* Brief
Below are the records; collect from them each line containing the string "entry".
——————————
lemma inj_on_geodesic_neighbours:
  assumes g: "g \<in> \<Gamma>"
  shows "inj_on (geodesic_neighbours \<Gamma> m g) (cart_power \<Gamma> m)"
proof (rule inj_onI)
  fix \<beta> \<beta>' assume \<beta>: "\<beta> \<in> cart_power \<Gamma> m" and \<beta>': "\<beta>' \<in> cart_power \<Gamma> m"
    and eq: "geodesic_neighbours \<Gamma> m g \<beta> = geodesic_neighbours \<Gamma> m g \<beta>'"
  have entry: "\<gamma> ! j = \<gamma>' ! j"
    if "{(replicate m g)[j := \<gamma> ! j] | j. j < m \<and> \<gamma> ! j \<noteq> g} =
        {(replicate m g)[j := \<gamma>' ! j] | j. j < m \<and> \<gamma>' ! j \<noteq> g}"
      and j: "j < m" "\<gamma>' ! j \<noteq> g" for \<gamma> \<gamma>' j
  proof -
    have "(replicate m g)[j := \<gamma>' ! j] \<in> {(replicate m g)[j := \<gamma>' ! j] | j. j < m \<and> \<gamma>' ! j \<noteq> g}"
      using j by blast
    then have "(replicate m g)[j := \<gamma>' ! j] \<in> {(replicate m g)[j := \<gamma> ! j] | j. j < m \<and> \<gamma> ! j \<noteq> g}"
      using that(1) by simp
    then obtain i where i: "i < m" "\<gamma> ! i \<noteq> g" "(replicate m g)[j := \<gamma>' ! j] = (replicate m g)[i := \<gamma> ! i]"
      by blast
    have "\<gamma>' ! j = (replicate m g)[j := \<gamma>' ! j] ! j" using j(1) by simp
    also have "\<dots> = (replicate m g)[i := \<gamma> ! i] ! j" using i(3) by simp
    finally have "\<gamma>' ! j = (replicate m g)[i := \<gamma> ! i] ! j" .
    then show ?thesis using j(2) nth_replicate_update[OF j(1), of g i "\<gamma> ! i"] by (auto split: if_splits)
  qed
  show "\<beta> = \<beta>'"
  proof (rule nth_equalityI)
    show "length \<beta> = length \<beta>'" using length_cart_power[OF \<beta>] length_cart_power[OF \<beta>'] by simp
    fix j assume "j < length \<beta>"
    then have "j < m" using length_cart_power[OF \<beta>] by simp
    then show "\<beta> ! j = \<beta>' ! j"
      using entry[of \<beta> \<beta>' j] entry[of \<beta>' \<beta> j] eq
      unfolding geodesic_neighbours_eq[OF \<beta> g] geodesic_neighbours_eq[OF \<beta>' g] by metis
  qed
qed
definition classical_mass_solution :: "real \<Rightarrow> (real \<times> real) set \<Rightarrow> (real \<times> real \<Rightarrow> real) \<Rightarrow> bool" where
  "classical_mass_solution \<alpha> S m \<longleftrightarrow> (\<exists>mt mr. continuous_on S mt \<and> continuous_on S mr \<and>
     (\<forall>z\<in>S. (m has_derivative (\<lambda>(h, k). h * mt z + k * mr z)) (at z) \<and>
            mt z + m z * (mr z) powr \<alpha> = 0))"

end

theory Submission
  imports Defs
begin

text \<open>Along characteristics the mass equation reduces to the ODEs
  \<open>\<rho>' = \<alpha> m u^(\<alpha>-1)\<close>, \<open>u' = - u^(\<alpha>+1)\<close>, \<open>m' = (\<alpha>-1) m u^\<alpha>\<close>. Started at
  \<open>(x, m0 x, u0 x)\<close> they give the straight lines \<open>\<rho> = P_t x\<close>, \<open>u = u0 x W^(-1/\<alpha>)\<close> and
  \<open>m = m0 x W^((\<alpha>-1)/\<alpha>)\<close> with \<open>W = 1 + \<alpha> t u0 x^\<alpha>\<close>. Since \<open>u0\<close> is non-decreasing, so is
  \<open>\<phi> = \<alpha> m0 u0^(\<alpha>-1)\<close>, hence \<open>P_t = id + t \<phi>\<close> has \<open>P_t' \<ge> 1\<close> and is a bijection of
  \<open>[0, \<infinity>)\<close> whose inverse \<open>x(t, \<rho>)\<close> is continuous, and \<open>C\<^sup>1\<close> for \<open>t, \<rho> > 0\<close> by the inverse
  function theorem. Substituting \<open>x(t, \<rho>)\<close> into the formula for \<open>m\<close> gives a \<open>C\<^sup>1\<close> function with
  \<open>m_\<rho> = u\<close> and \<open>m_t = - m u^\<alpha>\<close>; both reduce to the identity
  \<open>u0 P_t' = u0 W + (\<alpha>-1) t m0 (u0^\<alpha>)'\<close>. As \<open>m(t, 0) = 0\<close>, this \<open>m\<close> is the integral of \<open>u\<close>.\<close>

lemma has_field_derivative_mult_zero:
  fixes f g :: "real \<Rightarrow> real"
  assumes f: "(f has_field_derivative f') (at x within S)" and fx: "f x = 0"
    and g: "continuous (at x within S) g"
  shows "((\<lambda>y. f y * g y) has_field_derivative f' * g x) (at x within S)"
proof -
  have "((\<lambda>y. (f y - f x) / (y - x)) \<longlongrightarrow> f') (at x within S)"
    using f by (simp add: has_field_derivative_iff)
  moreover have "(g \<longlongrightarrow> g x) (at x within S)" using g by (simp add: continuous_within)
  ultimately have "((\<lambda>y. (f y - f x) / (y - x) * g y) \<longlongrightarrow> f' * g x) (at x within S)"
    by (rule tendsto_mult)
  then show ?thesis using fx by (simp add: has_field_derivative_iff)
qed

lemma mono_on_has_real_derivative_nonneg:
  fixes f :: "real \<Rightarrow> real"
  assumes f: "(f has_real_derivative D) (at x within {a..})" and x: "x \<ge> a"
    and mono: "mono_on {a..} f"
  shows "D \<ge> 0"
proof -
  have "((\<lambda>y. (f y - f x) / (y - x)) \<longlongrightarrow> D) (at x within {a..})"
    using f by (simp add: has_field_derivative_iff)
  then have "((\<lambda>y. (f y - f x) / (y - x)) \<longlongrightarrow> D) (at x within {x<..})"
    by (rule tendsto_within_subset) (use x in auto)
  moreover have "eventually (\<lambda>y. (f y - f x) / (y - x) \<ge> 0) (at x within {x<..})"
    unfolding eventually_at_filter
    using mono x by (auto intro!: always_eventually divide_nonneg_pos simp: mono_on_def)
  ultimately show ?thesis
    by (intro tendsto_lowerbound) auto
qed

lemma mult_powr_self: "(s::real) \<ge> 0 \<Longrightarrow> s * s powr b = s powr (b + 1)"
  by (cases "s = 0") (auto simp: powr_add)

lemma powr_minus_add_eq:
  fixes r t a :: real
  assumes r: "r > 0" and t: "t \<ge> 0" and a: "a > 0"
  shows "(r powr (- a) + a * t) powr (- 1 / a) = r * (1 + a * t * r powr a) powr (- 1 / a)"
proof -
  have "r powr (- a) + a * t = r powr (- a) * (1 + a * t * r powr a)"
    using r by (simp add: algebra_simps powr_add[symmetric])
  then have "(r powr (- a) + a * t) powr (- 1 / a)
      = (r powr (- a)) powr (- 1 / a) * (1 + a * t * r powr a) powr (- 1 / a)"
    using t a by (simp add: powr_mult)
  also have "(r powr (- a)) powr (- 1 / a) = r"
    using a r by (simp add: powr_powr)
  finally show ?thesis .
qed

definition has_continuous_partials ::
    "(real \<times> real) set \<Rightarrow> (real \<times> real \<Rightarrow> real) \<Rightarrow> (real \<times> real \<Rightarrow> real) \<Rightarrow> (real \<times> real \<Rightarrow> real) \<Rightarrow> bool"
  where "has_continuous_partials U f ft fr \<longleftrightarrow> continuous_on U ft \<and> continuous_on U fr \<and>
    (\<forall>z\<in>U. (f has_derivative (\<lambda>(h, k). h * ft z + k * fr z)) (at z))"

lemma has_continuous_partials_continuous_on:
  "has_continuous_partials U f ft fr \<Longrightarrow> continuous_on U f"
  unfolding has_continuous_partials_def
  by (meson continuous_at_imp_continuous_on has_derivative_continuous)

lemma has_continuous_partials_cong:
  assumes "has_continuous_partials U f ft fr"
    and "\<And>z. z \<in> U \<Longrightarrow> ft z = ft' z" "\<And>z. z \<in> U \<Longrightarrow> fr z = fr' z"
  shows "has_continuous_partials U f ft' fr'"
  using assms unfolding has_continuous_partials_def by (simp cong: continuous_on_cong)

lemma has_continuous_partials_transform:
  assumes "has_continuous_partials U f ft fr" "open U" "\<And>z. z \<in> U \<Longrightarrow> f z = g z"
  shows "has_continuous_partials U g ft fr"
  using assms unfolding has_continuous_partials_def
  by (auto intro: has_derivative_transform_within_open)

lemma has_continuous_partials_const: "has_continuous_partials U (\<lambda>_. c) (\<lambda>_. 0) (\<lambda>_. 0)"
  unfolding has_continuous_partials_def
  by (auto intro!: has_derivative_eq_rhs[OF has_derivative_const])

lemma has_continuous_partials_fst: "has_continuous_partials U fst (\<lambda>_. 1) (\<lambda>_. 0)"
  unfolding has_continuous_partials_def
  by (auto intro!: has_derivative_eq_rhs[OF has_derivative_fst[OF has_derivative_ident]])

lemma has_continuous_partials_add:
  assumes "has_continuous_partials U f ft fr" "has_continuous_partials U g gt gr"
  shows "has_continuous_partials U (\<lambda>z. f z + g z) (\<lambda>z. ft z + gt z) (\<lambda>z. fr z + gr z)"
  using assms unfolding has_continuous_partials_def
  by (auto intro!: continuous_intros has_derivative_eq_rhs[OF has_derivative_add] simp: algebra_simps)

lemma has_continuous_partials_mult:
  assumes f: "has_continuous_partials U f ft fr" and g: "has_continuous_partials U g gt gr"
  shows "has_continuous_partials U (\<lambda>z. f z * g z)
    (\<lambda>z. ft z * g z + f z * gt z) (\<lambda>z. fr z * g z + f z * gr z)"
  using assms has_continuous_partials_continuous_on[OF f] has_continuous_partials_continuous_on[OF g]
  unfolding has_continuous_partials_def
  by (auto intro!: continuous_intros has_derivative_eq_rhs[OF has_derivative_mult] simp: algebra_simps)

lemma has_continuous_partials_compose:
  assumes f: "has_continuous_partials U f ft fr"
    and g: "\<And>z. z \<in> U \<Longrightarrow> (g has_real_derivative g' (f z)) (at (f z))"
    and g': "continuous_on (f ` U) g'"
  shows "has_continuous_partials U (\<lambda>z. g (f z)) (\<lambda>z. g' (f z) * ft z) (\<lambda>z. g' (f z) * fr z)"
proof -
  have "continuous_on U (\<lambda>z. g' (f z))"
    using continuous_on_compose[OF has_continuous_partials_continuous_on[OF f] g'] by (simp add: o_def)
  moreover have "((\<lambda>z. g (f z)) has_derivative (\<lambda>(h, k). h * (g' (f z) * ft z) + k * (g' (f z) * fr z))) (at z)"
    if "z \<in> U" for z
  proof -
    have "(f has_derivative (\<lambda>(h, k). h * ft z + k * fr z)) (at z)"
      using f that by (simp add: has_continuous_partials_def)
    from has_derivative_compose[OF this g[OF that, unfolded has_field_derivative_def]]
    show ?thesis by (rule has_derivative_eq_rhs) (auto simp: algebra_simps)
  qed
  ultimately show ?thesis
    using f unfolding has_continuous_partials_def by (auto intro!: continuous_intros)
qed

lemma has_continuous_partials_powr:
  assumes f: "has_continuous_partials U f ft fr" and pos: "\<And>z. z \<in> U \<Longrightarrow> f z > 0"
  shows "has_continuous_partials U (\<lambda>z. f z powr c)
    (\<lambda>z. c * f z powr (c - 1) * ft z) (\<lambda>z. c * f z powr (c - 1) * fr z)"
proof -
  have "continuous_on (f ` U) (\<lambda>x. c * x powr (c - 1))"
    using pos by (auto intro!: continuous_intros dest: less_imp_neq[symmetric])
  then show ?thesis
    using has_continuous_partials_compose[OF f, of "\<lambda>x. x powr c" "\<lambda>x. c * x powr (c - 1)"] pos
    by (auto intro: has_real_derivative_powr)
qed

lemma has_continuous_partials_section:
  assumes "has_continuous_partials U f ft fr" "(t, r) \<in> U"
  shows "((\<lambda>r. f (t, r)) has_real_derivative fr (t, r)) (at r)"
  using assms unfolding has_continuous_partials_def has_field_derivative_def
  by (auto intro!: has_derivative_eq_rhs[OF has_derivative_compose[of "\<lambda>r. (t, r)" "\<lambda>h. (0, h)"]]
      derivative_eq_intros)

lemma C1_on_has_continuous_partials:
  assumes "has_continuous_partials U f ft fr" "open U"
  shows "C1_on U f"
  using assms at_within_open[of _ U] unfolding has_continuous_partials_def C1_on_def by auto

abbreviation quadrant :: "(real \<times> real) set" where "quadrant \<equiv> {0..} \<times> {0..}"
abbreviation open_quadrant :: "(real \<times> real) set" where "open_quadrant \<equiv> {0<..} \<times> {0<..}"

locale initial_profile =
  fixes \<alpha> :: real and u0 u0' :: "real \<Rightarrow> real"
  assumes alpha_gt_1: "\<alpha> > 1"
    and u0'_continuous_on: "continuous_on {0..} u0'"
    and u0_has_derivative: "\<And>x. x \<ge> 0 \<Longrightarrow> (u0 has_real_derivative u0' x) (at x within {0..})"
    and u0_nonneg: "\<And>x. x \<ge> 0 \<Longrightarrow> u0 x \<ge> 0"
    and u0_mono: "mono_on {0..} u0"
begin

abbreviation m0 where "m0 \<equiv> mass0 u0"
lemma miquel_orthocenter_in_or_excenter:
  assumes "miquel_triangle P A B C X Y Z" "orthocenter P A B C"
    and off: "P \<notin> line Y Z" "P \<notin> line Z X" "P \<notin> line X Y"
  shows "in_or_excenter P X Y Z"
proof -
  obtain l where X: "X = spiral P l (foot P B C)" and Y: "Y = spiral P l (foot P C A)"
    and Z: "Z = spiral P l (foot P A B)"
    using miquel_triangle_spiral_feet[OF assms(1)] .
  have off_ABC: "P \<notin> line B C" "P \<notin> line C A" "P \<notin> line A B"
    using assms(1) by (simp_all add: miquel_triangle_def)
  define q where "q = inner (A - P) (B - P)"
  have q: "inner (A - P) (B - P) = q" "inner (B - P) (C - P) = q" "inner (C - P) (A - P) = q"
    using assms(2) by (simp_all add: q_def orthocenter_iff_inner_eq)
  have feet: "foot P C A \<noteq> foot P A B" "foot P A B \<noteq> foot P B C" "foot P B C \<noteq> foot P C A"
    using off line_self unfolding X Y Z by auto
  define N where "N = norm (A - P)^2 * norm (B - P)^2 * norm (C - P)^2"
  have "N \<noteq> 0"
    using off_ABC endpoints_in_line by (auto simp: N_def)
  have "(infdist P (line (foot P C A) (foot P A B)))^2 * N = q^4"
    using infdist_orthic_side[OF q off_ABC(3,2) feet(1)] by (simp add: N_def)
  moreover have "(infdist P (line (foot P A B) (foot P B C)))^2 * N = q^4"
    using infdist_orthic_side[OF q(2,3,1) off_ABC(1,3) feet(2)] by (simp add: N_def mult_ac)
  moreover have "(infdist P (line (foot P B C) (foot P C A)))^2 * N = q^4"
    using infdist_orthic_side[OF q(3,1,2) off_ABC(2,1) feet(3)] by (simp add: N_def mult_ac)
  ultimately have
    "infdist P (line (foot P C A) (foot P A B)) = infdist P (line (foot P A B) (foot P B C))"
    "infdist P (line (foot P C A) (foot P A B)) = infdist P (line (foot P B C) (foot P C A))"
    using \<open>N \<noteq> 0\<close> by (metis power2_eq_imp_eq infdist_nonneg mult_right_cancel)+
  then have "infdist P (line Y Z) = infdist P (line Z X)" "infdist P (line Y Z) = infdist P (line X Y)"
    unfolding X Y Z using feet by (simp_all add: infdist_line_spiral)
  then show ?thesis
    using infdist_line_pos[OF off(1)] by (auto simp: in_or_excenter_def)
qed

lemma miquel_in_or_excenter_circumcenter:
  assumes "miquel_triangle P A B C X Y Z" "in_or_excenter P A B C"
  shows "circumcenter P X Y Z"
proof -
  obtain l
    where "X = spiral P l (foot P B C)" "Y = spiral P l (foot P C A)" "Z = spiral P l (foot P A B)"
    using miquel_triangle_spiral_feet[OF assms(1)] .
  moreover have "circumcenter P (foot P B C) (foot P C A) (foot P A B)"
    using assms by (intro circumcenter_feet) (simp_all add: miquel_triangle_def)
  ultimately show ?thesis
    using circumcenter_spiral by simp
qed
——————————
* Result of the task
  have entry: "\<gamma> ! j = \<gamma>' ! j"
      using entry[of \<beta> \<beta>' j] entry[of \<beta>' \<beta> j] eq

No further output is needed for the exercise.